Today I stumbled on a plaque on the west side of The Embarcadero. It honors a long forgotten pier that once stood on the other side of the street facing Oakland: the Broadway Wharf.
The plaque reads:
Pony Express Wharf
Nearby was the location of the Broadway Wharf, the wharf extended from Broadway and Davis Streets east to this location. All of the Pony Express mail that was delivered to and from San Francisco used this wharf. The Pony Express ran from April 3, 1860 to November 20, 1861.
The Pony Express mail was carried by either the “River Steamers” of the California Steam Navigation Company that operated between here and Sacramento or the ferry “Oakland” that operated between Oakland and here.
The NoeHill website features several related Pony Express plaques nearby but oddly enough not this one.
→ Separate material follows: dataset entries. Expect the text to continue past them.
(* Let $\omega$ be a primitive third root of unity, $S=\mathbb{C}\langle x,y,z\rangle/(x^2,y^2,z^2)$, and for $t\in\mathbb{C}^*$ let $T_t$ be the quotient of $S$ by the two-sided ideal generated by $(zxy+\omega xyz+\omega^2 yzx)+t(yxz+\omega zyx+\omega^2 xzy)$ and $(zxy+\omega^2 xyz+\omega yzx)+t(yxz+\omega^2 zyx+\omega xzy)$; let $M_t=T_t/(g_t)$ with $g_t=(zxy+xyz+yzx)+t(yxz+zyx+xzy)$. If $-t$ is a primitive $n$th root of unity, then the center of $M_t$ is generated (as an algebra) by $(x+y)^{2n}$, $(x+z)^{2n}$ and $(y+z)^{2n}$.
   Context: Grading: $\deg x=\deg y=\deg z=1$. *)

theory Defs
  imports Complex_Main
begin

text \<open>The free algebra C<x,y,z>: elements are coefficient functions on words
  over the alphabet {X,Y,Z}; noncommutative polynomials are those with finite support.\<close>

datatype letter = X | Y | Z

type_synonym nc = "letter list \<Rightarrow> complex"

definition nc_poly :: "nc set" where
  "nc_poly = {f. finite {w. f w \<noteq> 0}}"

definition nc_zero :: nc where "nc_zero = (\<lambda>_. 0)"
definition nc_add :: "nc \<Rightarrow> nc \<Rightarrow> nc" where "nc_add f g = (\<lambda>w. f w + g w)"
definition nc_diff :: "nc \<Rightarrow> nc \<Rightarrow> nc" where "nc_diff f g = (\<lambda>w. f w - g w)"
definition nc_smult :: "complex \<Rightarrow> nc \<Rightarrow> nc" where "nc_smult c f = (\<lambda>w. c * f w)"
definition nc_mul :: "nc \<Rightarrow> nc \<Rightarrow> nc" where
  "nc_mul f g = (\<lambda>w. \<Sum>i\<le>length w. f (take i w) * g (drop i w))"
definition nc_mono :: "letter list \<Rightarrow> nc" where
  "nc_mono u = (\<lambda>w. if w = u then 1 else 0)"
definition nc_one :: nc where "nc_one = nc_mono []"
definition nc_var :: "letter \<Rightarrow> nc" where "nc_var a = nc_mono [a]"

fun nc_pow :: "nc \<Rightarrow> nat \<Rightarrow> nc" where
  "nc_pow f 0 = nc_one"
| "nc_pow f (Suc k) = nc_mul f (nc_pow f k)"

inductive_set nc_ideal :: "nc set \<Rightarrow> nc set" for G :: "nc set" where
  zero: "nc_zero \<in> nc_ideal G"
| add: "a \<in> nc_ideal G \<Longrightarrow> b \<in> nc_ideal G \<Longrightarrow> nc_add a b \<in> nc_ideal G"
| smult: "a \<in> nc_ideal G \<Longrightarrow> nc_smult c a \<in> nc_ideal G"
| gen: "g \<in> G \<Longrightarrow> nc_mul (nc_mul (nc_mono u) g) (nc_mono v) \<in> nc_ideal G"

inductive_set nc_subalg :: "nc set \<Rightarrow> nc set" for G :: "nc set" where
  one: "nc_one \<in> nc_subalg G"
| gen: "g \<in> G \<Longrightarrow> g \<in> nc_subalg G"
| add: "a \<in> nc_subalg G \<Longrightarrow> b \<in> nc_subalg G \<Longrightarrow> nc_add a b \<in> nc_subalg G"
| smult: "a \<in> nc_subalg G \<Longrightarrow> nc_smult c a \<in> nc_subalg G"
| mul: "a \<in> nc_subalg G \<Longrightarrow> b \<in> nc_subalg G \<Longrightarrow> nc_mul a b \<in> nc_subalg G"

definition x :: nc where "x = nc_var X"
definition y :: nc where "y = nc_var Y"
definition z :: nc where "z = nc_var Z"

definition mon3 :: "complex \<Rightarrow> letter \<Rightarrow> letter \<Rightarrow> letter \<Rightarrow> nc" where
  "mon3 c a b d = nc_smult c (nc_mono [a, b, d])"

definition nc_sum :: "nc list \<Rightarrow> nc" where
  "nc_sum fs = foldr nc_add fs nc_zero"

definition rel :: "complex \<Rightarrow> complex \<Rightarrow> complex \<Rightarrow> nc" where
  "rel a b t = nc_sum [mon3 1 Z X Y, mon3 a X Y Z, mon3 b Y Z X,
                      mon3 t Y X Z, mon3 (t * a) Z Y X, mon3 (t * b) X Z Y]"

definition gT :: "complex \<Rightarrow> nc" where "gT t = rel 1 1 t"

definition I_M :: "complex \<Rightarrow> complex \<Rightarrow> nc set" where
  "I_M \<omega> t = nc_ideal {nc_mul x x, nc_mul y y, nc_mul z z,
                        rel \<omega> (\<omega>^2) t, rel (\<omega>^2) \<omega> t, gT t}"

text \<open>Preimage in C<x,y,z> of the center of the quotient C<x,y,z>/I.\<close>
definition central_mod :: "nc set \<Rightarrow> nc \<Rightarrow> bool" where
  "central_mod I f \<longleftrightarrow> (\<forall>b\<in>nc_poly. nc_diff (nc_mul f b) (nc_mul b f) \<in> I)"

end

theory Submission
  imports Defs "HOL-Library.Multiset"
begin

text \<open>
  Modulo \<open>x\<^sup>2, y\<^sup>2, z\<^sup>2\<close>, the three cubic relations (the two defining \<open>T\<^sub>t\<close> and \<open>g\<^sub>t\<close>) amount to
  \<open>abc = q\<^sup>\<plusminus>\<^sup>1 cba\<close> for distinct letters \<open>a, b, c\<close>, where \<open>q = -t\<close>. Such moves preserve the
  multisets of letters in odd and in even positions (the label of a word), so every word is zero
  or \<open>q\<^sup>k\<close> times a normal word determined by its label; coordinate functionals vanishing on the
  ideal show that these normal words are linearly independent. Commuting a central element with
  single letters forces its coordinates to be supported on labels of even length whose letter
  counts are multiples of \<open>n\<close> (\<open>q\<close> is a primitive \<open>n\<close>-th root of unity), and to be symmetric under
  exchanging the two multisets. Each symmetrised pair of such normal words is a product of powers
  of \<open>(a+b)\<^sup>2\<^sup>n \<equiv> (ab)\<^sup>n + (ba)\<^sup>n\<close>, and these are central because any third letter passes
  through \<open>(ab)\<^sup>n\<close> at the cost \<open>q\<^sup>\<plusminus>\<^sup>n = 1\<close>.
\<close>

section \<open>The free algebra\<close>

lemma nc_mul_mono_mono: "nc_mul (nc_mono u) (nc_mono v) = nc_mono (u @ v)"
proof
  fix w :: "letter list"
  have "take i w = u \<and> drop i w = v \<longleftrightarrow> w = u @ v \<and> i = length u" if "i \<le> length w" for i
    using that by (auto simp: append_eq_conv_conj)
  then have "nc_mul (nc_mono u) (nc_mono v) w = (\<Sum>i\<le>length w. if w = u @ v \<and> i = length u then 1 else 0)"
    unfolding nc_mul_def nc_mono_def by (intro sum.cong) auto
  then show "nc_mul (nc_mono u) (nc_mono v) w = nc_mono (u @ v) w"
    by (simp add: nc_mono_def sum.delta' conj_commute if_distrib cong: if_cong)
qed
lemma kernel_integral_bound_critical:
  assumes s1: "0 \<le> s1" "s1 < v" and s2: "0 \<le> s2" "s2 < v" and crit: "s1 + s2 = v"
  shows "\<exists>c>0. \<forall>x z. upper_ahlfors_bound nu Y C v x \<longrightarrow> upper_ahlfors_bound nu Y C v z \<longrightarrow>
    x \<noteq> z \<longrightarrow> (\<integral>\<^sup>+ y. inv_pow s1 (dist x y) * inv_pow s2 (dist y z) \<partial>nu)
      \<le> ennreal (c * (1 + \<bar>ln (dist x z)\<bar>))"
proof -
  define A where "A = C * 4 powr v"
  define B where "B = ball_constant s1 + ball_constant s2"
  define G where "G = A * (2 + 1 / ln 2) + V"
  define c where "c = B + 2 * G"
  have A: "0 < A" and B: "0 < B"
    using C_pos ball_constant_pos[OF s1(2)] ball_constant_pos[OF s2(2)] by (simp_all add: A_def B_def)
  have G: "0 < G"
    using A V_nonneg by (simp add: G_def add_pos_nonneg)
  have "(\<integral>\<^sup>+ y. inv_pow s1 (dist x y) * inv_pow s2 (dist y z) \<partial>nu)
      \<le> ennreal (c * (1 + \<bar>ln (dist x z)\<bar>))"
    if x: "upper_ahlfors_bound nu Y C v x" and z: "upper_ahlfors_bound nu Y C v z" and "x \<noteq> z"
    for x z
  proof -
    define d where "d = dist x z"
    define L where "L = \<bar>ln d\<bar>"
    define F where "F = A * (1 + \<bar>ln (d / 2)\<bar> / ln 2) + V"
    have d: "0 < d" and L: "0 \<le> L"
      using \<open>x \<noteq> z\<close> by (simp_all add: d_def L_def)
    have "A * (1 + \<bar>ln (d / 2)\<bar> / ln 2) \<le> A * (2 + 1 / ln 2) * (1 + L)"
      using abs_ln_half_le[OF d] A by (simp add: L_def mult.assoc)
    moreover have "V \<le> V * (1 + L)"
      using V_nonneg L by (simp add: algebra_simps)
    ultimately have "F \<le> G * (1 + L)"
      by (simp add: F_def G_def distrib_right)
    moreover have "c * (1 + L) = B + B * L + 2 * (G * (1 + L))"
      by (simp add: c_def algebra_simps)
    moreover have "0 \<le> B * L"
      using B L by simp
    ultimately have arith: "B + 2 * F \<le> c * (1 + L)"
      by linarith
    have "(\<integral>\<^sup>+ y. inv_pow s1 (dist x y) * inv_pow s2 (dist y z) \<partial>nu) \<le> ennreal (B + 2 * F)"
      using nn_integral_inv_pow_product_le[OF x z s1 s2 \<open>x \<noteq> z\<close>, of F]
        nn_integral_inv_pow_outside_ball_critical d A V_nonneg
      unfolding B_def F_def A_def d_def crit by simp
    also have "\<dots> \<le> ennreal (c * (1 + \<bar>ln (dist x z)\<bar>))"
      using arith by (intro ennreal_leI) (simp add: L_def d_def)
    finally show ?thesis .
  qed
  moreover have "0 < c"
    using B G by (simp add: c_def)
  ultimately show ?thesis
    by blast
qed
(* Let $\{p_n\}_{n\ge0}$ be a sequence of real polynomials with $\deg p_n=n$, let $c\in\mathbb{R}$, fix $j\in\mathbb{N}\cup\{0\}$, and let $K_n^{(j,j)}(c,c)=\sum_{i=0}^n \big(p_i^{(j)}(c)\big)^2$. Assume there are real constants $a,b$ such that for every integer $k\ge0$, $p_n^{(k)}(c)\approx C_k(-1)^n n^{ak+b}$ as $n\to\infty$, with $C_k\neq0$ independent of $n$ and $2(ak+b)+1>0$. Let $\lambda_n=\gamma n^2+\delta n$ with $\gamma,\delta\in\mathbb{R}$, and define $$\alpha_n=\sum_{i=j+1}^n(\lambda_i-\lambda_{i-1})K_{i-1}^{(j,j)}(c,c),\qquad n\ge j+1.$$ Then $$\lim_{n\to+\infty}\frac{\alpha_n}{n^{2(aj+b)+3}}=\frac{2\gamma C_j^2}{(2(aj+b)+3)(2(aj+b)+1)}\quad\text{if }\gamma\ne0,$$ $$\lim_{n\to+\infty}\frac{\alpha_n}{n^{2(aj+b+1)}}=\frac{\delta C_j^2}{2(aj+b+1)(2(aj+b)+1)}\quad\text{if }\gamma=0.$$
   Context: The notation $a_n\approx b_n$ means $\lim_{n\to+\infty}a_n/b_n=1$. *)

theory Defs
  imports "HOL-Analysis.Analysis" "HOL-Computational_Algebra.Polynomial" "HOL-Library.Landau_Symbols"
begin

definition Kjj :: "(nat \<Rightarrow> real poly) \<Rightarrow> nat \<Rightarrow> real \<Rightarrow> nat \<Rightarrow> real" where
  "Kjj p j c n = (\<Sum>i=0..n. (poly ((pderiv ^^ j) (p i)) c)^2)"

end

theory Submission
  imports Defs "HOL-Real_Asymp.Real_Asymp"
begin

text \<open>
  With \<open>s = 2(aj + b) > -1\<close> the hypothesis gives \<open>p_n^(j)(c)^2 ~ C_j^2 n^s\<close>. The
  Stolz--Cesaro theorem acts as a discrete integration of \<open>x^r\<close>: increments \<open>~ L n^r\<close>
  with \<open>r > -1\<close> sum up to \<open>~ L n^(r+1) / (r+1)\<close>. Hence \<open>K_n = K_n^(j,j)(c,c) ~ C_j^2 n^(s+1) / (s+1)\<close>.
  The increments of \<open>\<alpha>_n\<close> are \<open>(\<lambda>_(n+1) - \<lambda>_n) K_n = (\<gamma>(2n+1) + \<delta>) K_n\<close>, which behave like
  \<open>2\<gamma> n K_n\<close> if \<open>\<gamma> \<noteq> 0\<close> and equal \<open>\<delta> K_n\<close> otherwise, so a second summation gives the
  asymptotics of \<open>\<alpha>_n\<close>.
\<close>

lemma abs_diff_le_of_increments:
  fixes f g :: "nat \<Rightarrow> real"
  assumes "\<And>n. n \<ge> m \<Longrightarrow> \<bar>f (Suc n) - f n\<bar> \<le> g (Suc n) - g n" and "m \<le> n"
  shows "\<bar>f n - f m\<bar> \<le> g n - g m"
  using assms(2)
proof (induction n rule: dec_induct)
  case (step n)
  have "\<bar>f (Suc n) - f m\<bar> \<le> \<bar>f n - f m\<bar> + \<bar>f (Suc n) - f n\<bar>"
    using abs_triangle_ineq[of "f n - f m" "f (Suc n) - f n"] by simp
  with step assms(1)[of n] show ?case
    by linarith
qed simp

lemma Stolz_Cesaro:
  fixes a b :: "nat \<Rightarrow> real"
  assumes incr: "\<And>n. b n < b (Suc n)" and b_top: "filterlim b at_top sequentially"
    and lim: "(\<lambda>n. (a (Suc n) - a n) / (b (Suc n) - b n)) \<longlonglongrightarrow> L"
  shows "(\<lambda>n. a n / b n) \<longlonglongrightarrow> L"
proof (rule tendstoI)
  fix e :: real assume "e > 0"
  define f where "f n = a n - L * b n" for n
  from tendstoD[OF lim, of "e/2"] \<open>e > 0\<close> obtain N
    where N: "\<And>n. n \<ge> N \<Longrightarrow> \<bar>(a (Suc n) - a n) / (b (Suc n) - b n) - L\<bar> < e/2"
    by (auto simp: eventually_sequentially dist_real_def)
  have increment: "\<bar>f (Suc n) - f n\<bar> \<le> e/2 * b (Suc n) - e/2 * b n" if "n \<ge> N" for n
  proof -
    have "\<bar>f (Suc n) - f n\<bar>
        = \<bar>(a (Suc n) - a n) / (b (Suc n) - b n) - L\<bar> * (b (Suc n) - b n)"
      using incr[of n] by (simp add: f_def abs_mult field_simps)
    also have "\<dots> \<le> e/2 * (b (Suc n) - b n)"
      using N[OF that] incr[of n] by (intro mult_right_mono) auto
    finally show ?thesis
      by (simp add: right_diff_distrib)
  qed
  define M where "M = \<bar>f N\<bar> - e/2 * b N"
  have bound: "\<bar>f n\<bar> \<le> e/2 * b n + M" if "n \<ge> N" for n
    using abs_diff_le_of_increments[of N f "\<lambda>n. e/2 * b n", OF increment that]
      abs_triangle_ineq2[of "f n" "f N"]
    by (simp add: M_def)
  have "((\<lambda>n. M / b n) \<longlongrightarrow> 0) sequentially"
    by (rule tendsto_divide_0[OF tendsto_const filterlim_at_top_imp_at_infinity[OF b_top]])
  from order_tendstoD(2)[OF this, of "e/2"] \<open>e > 0\<close>
  have "eventually (\<lambda>n. M / b n < e/2) sequentially" by simp
  moreover have "eventually (\<lambda>n. b n > 0) sequentially"
    using b_top by (rule filterlim_at_top_dense[THEN iffD1, rule_format])
  moreover have "eventually (\<lambda>n. n \<ge> N) sequentially"
    by (rule eventually_ge_at_top)
  ultimately show "eventually (\<lambda>n. dist (a n / b n) L < e) sequentially"
  proof eventually_elim
    case (elim n)
    then have "\<bar>f n\<bar> < e * b n"
      using bound[of n] by (simp add: pos_divide_less_eq)
    moreover have "a n / b n - L = f n / b n"
      using elim by (simp add: f_def field_simps)
    ultimately show ?case
      using elim by (simp add: dist_real_def abs_div pos_divide_less_eq)
  qed
qed

lemma LIMSEQ_div_powr_of_increments:
  fixes A h :: "nat \<Rightarrow> real"
  assumes r: "r > -1"
    and increments: "eventually (\<lambda>n. A (Suc n) - A n = h n) sequentially"
    and lim: "(\<lambda>n. h n / real n powr r) \<longlonglongrightarrow> L"
  shows "(\<lambda>n. A n / real n powr (r + 1)) \<longlonglongrightarrow> L / (r + 1)"
proof (rule Stolz_Cesaro)
  show "real n powr (r + 1) < real (Suc n) powr (r + 1)" for n
    using r by (intro powr_less_mono2) auto
  show "filterlim (\<lambda>n. real n powr (r + 1)) at_top sequentially"
    using r by real_asymp
  have "(\<lambda>n. (real (Suc n) powr (r + 1) - real n powr (r + 1)) / real n powr r) \<longlonglongrightarrow> r + 1"
    using r by real_asymp
  with lim r have "(\<lambda>n. (h n / real n powr r)
      / ((real (Suc n) powr (r + 1) - real n powr (r + 1)) / real n powr r)) \<longlonglongrightarrow> L / (r + 1)"
    by (intro tendsto_divide) auto
  then show "(\<lambda>n. (A (Suc n) - A n) / (real (Suc n) powr (r + 1) - real n powr (r + 1)))
      \<longlonglongrightarrow> L / (r + 1)"
    by (rule Lim_transform_eventually)
      (use increments eventually_gt_at_top[of 0] in \<open>eventually_elim, simp\<close>)
qed

lemma LIMSEQ_div_powr_Suc:
  fixes f :: "nat \<Rightarrow> real"
  assumes "(\<lambda>n. f n / real n powr r) \<longlonglongrightarrow> L"
  shows "(\<lambda>n. f (Suc n) / real n powr r) \<longlonglongrightarrow> L"
proof -
  have "(\<lambda>n. f (Suc n) / real (Suc n) powr r * (real (Suc n) powr r / real n powr r))
      \<longlonglongrightarrow> L * 1"
    by (intro tendsto_mult LIMSEQ_Suc[OF assms]) real_asymp
  then show ?thesis
    by simp
qed

lemma LIMSEQ_mult_div_powr:
  fixes f g :: "nat \<Rightarrow> real"
  assumes "(\<lambda>n. f n / real n powr r) \<longlonglongrightarrow> A" and "(\<lambda>n. g n / real n powr t) \<longlonglongrightarrow> B"
  shows "(\<lambda>n. f n * g n / real n powr (r + t)) \<longlonglongrightarrow> A * B"
proof -
  have "(\<lambda>n. f n / real n powr r * (g n / real n powr t)) \<longlonglongrightarrow> A * B"
    using assms by (rule tendsto_mult)
  then show ?thesis
    by (rule Lim_transform_eventually)
      (use eventually_gt_at_top[of 0] in \<open>eventually_elim, simp add: powr_add\<close>)
qed

lemma square_div_powr_LIMSEQ:
  fixes f :: "nat \<Rightarrow> real"
  assumes "f \<sim>[at_top] (\<lambda>n. C * (-1) ^ n * real n powr e)" and "C \<noteq> 0"
  shows "(\<lambda>n. (f n)\<^sup>2 / real n powr (2 * e)) \<longlonglongrightarrow> C\<^sup>2"
proof -
  have "(\<lambda>n. (f n)\<^sup>2 / real n powr (2 * e))
      \<sim>[at_top] (\<lambda>n. (C * (-1) ^ n * real n powr e)\<^sup>2 / real n powr (2 * e))"
    using assms(1) by (intro asymp_equiv_intros)
  moreover have "eventually (\<lambda>n. (C * (-1) ^ n * real n powr e)\<^sup>2 / real n powr (2 * e) = C\<^sup>2)
      at_top"
    using eventually_gt_at_top[of 0]
    by eventually_elim (simp add: power_mult_distrib powr_powr[symmetric] powr_realpow mult.commute
        flip: power_mult)
  ultimately show ?thesis
    by (simp add: tendsto_asymp_equiv_cong tendsto_eventually)
qed

theorem proposition1:
  fixes p :: "nat \<Rightarrow> real poly" and c a b \<gamma> \<delta> :: real and j :: nat and C :: "nat \<Rightarrow> real"
    and lam :: "nat \<Rightarrow> real" and \<alpha> :: "nat \<Rightarrow> real"
  assumes deg: "\<And>n. degree (p n) = n"
    and asym: "\<And>k. (\<lambda>n. poly ((pderiv ^^ k) (p n)) c) \<sim>[at_top]
                      (\<lambda>n. C k * (-1) ^ n * real n powr (a * real k + b))"
    and Cnz: "\<And>k. C k \<noteq> 0"
    and pos: "\<And>k. 2 * (a * real k + b) + 1 > 0"
    and lam_def: "\<And>n. lam n = \<gamma> * (real n)\<^sup>2 + \<delta> * real n"
    and alpha_def: "\<And>n. \<alpha> n = (\<Sum>i=j+1..n. (lam i - lam (i - 1)) * Kjj p j c (i - 1))"
  shows "(\<gamma> \<noteq> 0 \<longrightarrow>
           (\<lambda>n. \<alpha> n / real n powr (2 * (a * real j + b) + 3)) \<longlonglongrightarrow>
             2 * \<gamma> * (C j)\<^sup>2 / ((2 * (a * real j + b) + 3) * (2 * (a * real j + b) + 1)))
       \<and> (\<gamma> = 0 \<longrightarrow>
           (\<lambda>n. \<alpha> n / real n powr (2 * (a * real j + b + 1))) \<longlonglongrightarrow>
             \<delta> * (C j)\<^sup>2 / (2 * (a * real j + b + 1) * (2 * (a * real j + b) + 1)))"
proof -
  define s where "s = 2 * (a * real j + b)"
  define K where "K = Kjj p j c"
  have "s + 1 > 0"
    using pos[of j] by (simp add: s_def)
  have "(\<lambda>n. (poly ((pderiv ^^ j) (p (Suc n))) c)\<^sup>2 / real n powr s) \<longlonglongrightarrow> (C j)\<^sup>2"
    using LIMSEQ_div_powr_Suc[OF square_div_powr_LIMSEQ[OF asym Cnz]] by (simp add: s_def)
  then have K_lim: "(\<lambda>n. K n / real n powr (s + 1)) \<longlonglongrightarrow> (C j)\<^sup>2 / (s + 1)"
    using \<open>s + 1 > 0\<close> by (intro LIMSEQ_div_powr_of_increments) (auto simp: K_def Kjj_def)
  have alpha_lim: "(\<lambda>n. \<alpha> n / real n powr (s + r + 2))
      \<longlonglongrightarrow> D * (C j)\<^sup>2 / ((s + r + 2) * (s + 1))"
    if "r \<ge> 0" and "(\<lambda>n. (lam (Suc n) - lam n) / real n powr r) \<longlonglongrightarrow> D" for r D
  proof -
    have "(\<lambda>n. (lam (Suc n) - lam n) * K n / real n powr (r + (s + 1)))
        \<longlonglongrightarrow> D * ((C j)\<^sup>2 / (s + 1))"
      using that(2) K_lim by (rule LIMSEQ_mult_div_powr)
    moreover have "eventually (\<lambda>n. \<alpha> (Suc n) - \<alpha> n = (lam (Suc n) - lam n) * K n) sequentially"
      using eventually_ge_at_top[of j] by eventually_elim (simp add: alpha_def K_def)
    ultimately have "(\<lambda>n. \<alpha> n / real n powr (r + (s + 1) + 1))
        \<longlonglongrightarrow> D * ((C j)\<^sup>2 / (s + 1)) / (r + (s + 1) + 1)"
      using that(1) \<open>s + 1 > 0\<close> by (intro LIMSEQ_div_powr_of_increments) auto
    then show ?thesis
      by (simp add: add_ac mult_ac)
  qed
  have lam_increment: "lam (Suc n) - lam n = \<gamma> * (2 * real n + 1) + \<delta>" for n
    by (simp add: lam_def power2_eq_square algebra_simps)
  show ?thesis
  proof (intro conjI impI)
    have "(\<lambda>n. (\<gamma> * (2 * real n + 1) + \<delta>) / real n powr 1) \<longlonglongrightarrow> 2 * \<gamma>"
      by real_asymp
    from alpha_lim[OF zero_le_one this[folded lam_increment]]
    show "(\<lambda>n. \<alpha> n / real n powr (2 * (a * real j + b) + 3))
        \<longlonglongrightarrow> 2 * \<gamma> * (C j)\<^sup>2 / ((2 * (a * real j + b) + 3) * (2 * (a * real j + b) + 1))"
      by (simp add: s_def add_ac)
  next
    assume "\<gamma> = 0"
    then have "(\<lambda>n. (\<gamma> * (2 * real n + 1) + \<delta>) / real n powr 0) \<longlonglongrightarrow> \<delta>"
      by real_asymp
    from alpha_lim[OF order_refl this[folded lam_increment]]
    show "(\<lambda>n. \<alpha> n / real n powr (2 * (a * real j + b + 1)))
        \<longlonglongrightarrow> \<delta> * (C j)\<^sup>2 / (2 * (a * real j + b + 1) * (2 * (a * real j + b) + 1))"
      by (simp add: s_def add_ac)
  qed
qed

end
The SF Chronicle wrote about the Pony Express a couple of years ago and mentioned these plaques in the article. Both links are worth reading.
I think it’s quite interesting that the Pony Express is so well remembered today despite not lasting very long. It was the first form of cross country express mail, albeit unaffordable for most.
The Pony Express was discontinued a couple years before the US Civil War, and several years before the completion of the Transcontinental Railroad. While it would be tempting to blame these events — or the simple fact that the Pony Express was a financial flop — on its rapid demise, there’s a much simpler explanation. The first electronic telegraph service arrived in San Francisco on the final month of Pony Express service, October 1861.
History repeated itself a century later when hand delivered mail fell out of favor entirely with the emerging technologies of email and text messaging. Who can say what’s next, let alone whether it will warrant its own plaque?